Ellington Financial and AAIC can give no assurance that their
expectations will be attained. Factors that could cause actual
results to differ materially from Ellington Financial’s or AAIC’s
expectations include, but are not limited to, the risk that the
proposed Merger will not be consummated within the expected time
period or at all; the occurrence of any event, change or other
circumstance that could give rise to the termination of the Merger
Agreement; the failure to satisfy the conditions to the
consummation of the proposed Merger, including the approval of the
shareholders of AAIC; risks related to the disruption of
management’s attention from ongoing business operations due to the
proposed Merger; the effect of the announcement of the proposed
Merger on the operating results and businesses generally of
Ellington Financial and AAIC; the outcome of any legal proceedings
relating to the proposed Merger; the ability to successfully
integrate the businesses following the proposed Merger; changes in
interest rates or the market value of Ellington Financial’s or
AAIC’s investments; market volatility; changes in mortgage default
rates and prepayment rates; the availability and terms of
financing; changes in government regulations affecting the business
of Ellington Financial or AAIC; the ability of Ellington Financial
and AAIC to maintain their exclusion from registration under the
Investment Company Act of 1940; the ability of Ellington Financial
and AAIC to maintain their qualification as a REIT; changes in
market conditions and economic trends, such as changes to fiscal or
monetary policy, heightened inflation, slower growth or recession,
and currency fluctuations; and other factors, including those set
forth in the section entitled “Risk Factors” in Ellington
Financial’s most recent Annual Report on Form 10-K and AAIC s most
recent Annual Report on Form 10-K, as amended, and Ellington
Financial’s and AAIC’s Quarterly Reports on Form 10-Q filed with
the SEC, the proxy statement/prospectus and other reports filed by
Ellington Financial and AAIC with the SEC, copies of which are
available on the SEC’s website, www.sec.gov.

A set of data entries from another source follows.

lemma AE_slot_values: "finite P \<Longrightarrow> AE x in slot_space. \<forall>k\<in>P. x k \<in> {1, 2}"
  unfolding slot_space_def
  by (intro AE_finite_allI AE_PiM_component) (simp_all add: prob_space_measure_pmf AE_measure_pmf_iff)

lemma sets_slot_colouring [measurable]:
  assumes "finite P"
  shows "{x. \<forall>k\<in>P. x k = c k} \<in> sets slot_space"
proof -
  have "{x \<in> space slot_space. \<forall>k\<in>P. x k = c k} \<in> sets slot_space"
    using assms unfolding slot_space_def by measurable
  then show ?thesis
    by simp
qed

lemma emeasure_slot_colouring:
  assumes "finite P" and "\<forall>k\<in>P. c k \<in> {1, 2}"
  shows "emeasure slot_space {x. \<forall>k\<in>P. x k = c k} = ennreal ((1 / 2) ^ card P)"
proof -
  interpret product_prob_space "\<lambda>_. measure_pmf (pmf_of_set {1, 2::nat})" "UNIV :: nat set"
    by (intro product_prob_spaceI prob_space_measure_pmf)
  have "{x. \<forall>k\<in>P. x k = c k} = {x \<in> space slot_space. \<forall>k\<in>P. x k \<in> {c k}}"
    by (simp add: slot_space_def space_PiM)
  also have "emeasure slot_space \<dots> = (\<Prod>k\<in>P. emeasure (measure_pmf (pmf_of_set {1, 2})) {c k})"
    unfolding slot_space_def using assms(1) by (intro emeasure_PiM_Collect) auto
  also have "\<dots> = (\<Prod>k\<in>P. ennreal (1 / 2))"
    using assms(2) by (intro prod.cong) (auto simp: emeasure_pmf_single)
  also have "\<dots> = ennreal ((1 / 2) ^ card P)"
    by (simp only: prod_constant) (rule ennreal_power, simp)
  finally show ?thesis .
qed

definition slot_succeeders :: "(nat \<Rightarrow> nat) \<Rightarrow> nat set \<Rightarrow> nat set" where
  "slot_succeeders x P = {i \<in> P. \<forall>j \<in> P. j \<noteq> i \<longrightarrow> x j \<noteq> x i}"

lemma measurable_slot_succeeders:
  assumes "finite P"
  shows "(\<lambda>x. slot_succeeders x P) \<in> slot_space \<rightarrow>\<^sub>M count_space (Pow P)"
proof (rule measurable_count_space_Pow)
  show "\<And>i. i \<in> P \<Longrightarrow> Measurable.pred slot_space (\<lambda>x. i \<in> slot_succeeders x P)"
    using assms unfolding slot_space_def slot_succeeders_def by measurable
qed (use assms in \<open>auto simp: slot_succeeders_def\<close>)

lemma sets_slot_succeeders [measurable]:
  assumes "finite P"
  shows "{x. F (slot_succeeders x P)} \<in> sets slot_space"
proof -
  have "(\<lambda>x. slot_succeeders x P) -` ({Q. F Q} \<inter> Pow P) \<inter> space slot_space \<in> sets slot_space"
    by (rule measurable_sets[OF measurable_slot_succeeders[OF assms]]) simp
  moreover have "(\<lambda>x. slot_succeeders x P) -` ({Q. F Q} \<inter> Pow P) \<inter> space slot_space
      = {x. F (slot_succeeders x P)}"
    by (auto simp: slot_succeeders_def)
  ultimately show ?thesis
    by simp
qed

Forward-looking
statements are not guarantees of performance or results and speak
only as of the date such statements are made. Except as required by
law, neither Ellington Financial nor AAIC undertakes any obligation
to update or revise any forward-looking statement in this
communication, whether to reflect new information, future events,
changes in assumptions or circumstances or otherwise.